▶ **Task details**
Keep only the lines of the data below that contain "Rightarrow", and copy them.

▶ **Supplied information**
(* Let $\mathscr{F}=(S,I,R,\sigma,\sigma_1)$ be a $\varkappa$-frame. Let $\delta:S\to W(S)$ be the unique ring homomorphism with $w_n\circ\delta=\sigma^n$ for all $n\geq 0$, and let $\varkappa:S\to W(R)$ be the composite of $\delta$ with $W(S)\to W(R)$. Then there is a unit $u\in W(R)$ such that $\varkappa$ is a $u$-homomorphism of frames $\mathscr{F}\to\mathscr{W}_R$ inducing the identity on $R$. This construction is functorial in $\mathscr{F}$.
   Context: Fix a prime $p$. A frame is $(S,I,R,\sigma,\sigma_1)$ with $S$ a ring, $I$ an ideal, $R=S/I$, $\sigma$ a ring endomorphism, $\sigma_1:I\to S$ a $\sigma$-linear map, such that $I+pS\subseteq\mathrm{Rad}(S)$, $\sigma(a)\equiv a^p\bmod pS$ for $a\in S$, and $\sigma_1(I)$ generates $S$ as an $S$-module. There is a unique $\theta\in S$ with $\sigma(a)=\theta\sigma_1(a)$ for $a\in I$. A $\varkappa$-frame is a frame such that $S$ has no $p$-torsion, $W(R)$ has no $p$-torsion, and $\sigma(\theta)-\theta^p=p\cdot(\text{unit of }S)$. The Witt frame of a ring $R$ (here $p$-adically complete is not needed beyond the frame axioms) is $\mathscr{W}_R=(W(R),I_R,R,f,f_1)$, $I_R=\ker(W(R)\to R)$, $f$ the Frobenius and $f_1$ the inverse of the Verschiebung $v:W(R)\to I_R$. $w_n$ denotes the $n$-th Witt ghost component. A $u$-homomorphism of frames $\mathscr{F}\to\mathscr{F}'$ is a ring homomorphism $\alpha:S\to S'$ with $\alpha(I)\subseteq I'$, $\sigma'\alpha=\alpha\sigma$ and $\sigma_1'\alpha=u\cdot\alpha\sigma_1$ for a unit $u\in S'$. *)

theory Defs
  imports Main "HOL-Library.Poly_Mapping" "HOL-Computational_Algebra.Primes"
begin

type_synonym 'v mpoly = "('v \<Rightarrow>\<^sub>0 nat) \<Rightarrow>\<^sub>0 int"

definition mvar :: "'v \<Rightarrow> 'v mpoly" where
  "mvar v = Poly_Mapping.single (Poly_Mapping.single v 1) 1"

definition mpoly_eval :: "('v \<Rightarrow> 'r::comm_ring_1) \<Rightarrow> 'v mpoly \<Rightarrow> 'r" where
  "mpoly_eval f P =
     (\<Sum>m\<in>Poly_Mapping.keys P. of_int (Poly_Mapping.lookup P m) * (\<Prod>v\<in>Poly_Mapping.keys m. f v ^ Poly_Mapping.lookup m v))"

definition witt_ghost :: "nat \<Rightarrow> nat \<Rightarrow> (nat \<Rightarrow> 'r::comm_ring_1) \<Rightarrow> 'r" where
  "witt_ghost p n x = (\<Sum>i\<le>n. of_nat p ^ i * x i ^ (p ^ (n - i)))"

definition witt_polys :: "nat \<Rightarrow> (nat \<Rightarrow> 'v mpoly) \<Rightarrow> nat \<Rightarrow> 'v mpoly" where
  "witt_polys p G = (THE \<Phi>. \<forall>n. witt_ghost p n \<Phi> = G n)"

definition witt_add_polys :: "nat \<Rightarrow> nat \<Rightarrow> (nat + nat) mpoly" where
  "witt_add_polys p = witt_polys p
     (\<lambda>n. witt_ghost p n (\<lambda>i. mvar (Inl i)) + witt_ghost p n (\<lambda>i. mvar (Inr i)))"

definition witt_mult_polys :: "nat \<Rightarrow> nat \<Rightarrow> (nat + nat) mpoly" where
  "witt_mult_polys p = witt_polys p
     (\<lambda>n. witt_ghost p n (\<lambda>i. mvar (Inl i)) * witt_ghost p n (\<lambda>i. mvar (Inr i)))"

definition witt_frob_polys :: "nat \<Rightarrow> nat \<Rightarrow> nat mpoly" where
  "witt_frob_polys p = witt_polys p (\<lambda>n. witt_ghost p (Suc n) mvar)"

definition witt_add :: "nat \<Rightarrow> (nat \<Rightarrow> 'r::comm_ring_1) \<Rightarrow> (nat \<Rightarrow> 'r) \<Rightarrow> nat \<Rightarrow> 'r" where
  "witt_add p x y = (\<lambda>n. mpoly_eval (case_sum x y) (witt_add_polys p n))"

▶ **Response**
type_synonym 'v mpoly = "('v \<Rightarrow>\<^sub>0 nat) \<Rightarrow>\<^sub>0 int"
definition mvar :: "'v \<Rightarrow> 'v mpoly" where
definition mpoly_eval :: "('v \<Rightarrow> 'r::comm_ring_1) \<Rightarrow> 'v mpoly \<Rightarrow> 'r" where
definition witt_ghost :: "nat \<Rightarrow> nat \<Rightarrow> (nat \<Rightarrow> 'r::comm_ring_1) \<Rightarrow> 'r" where
definition witt_polys :: "nat \<Rightarrow> (nat \<Rightarrow> 'v mpoly) \<Rightarrow> nat \<Rightarrow> 'v mpoly" where
definition witt_add_polys :: "nat \<Rightarrow> nat \<Rightarrow> (nat + nat) mpoly" where
definition witt_mult_polys :: "nat \<Rightarrow> nat \<Rightarrow> (nat + nat) mpoly" where
definition witt_frob_polys :: "nat \<Rightarrow> nat \<Rightarrow> nat mpoly" where
definition witt_add :: "nat \<Rightarrow> (nat \<Rightarrow> 'r::comm_ring_1) \<Rightarrow> (nat \<Rightarrow> 'r) \<Rightarrow> nat \<Rightarrow> 'r" where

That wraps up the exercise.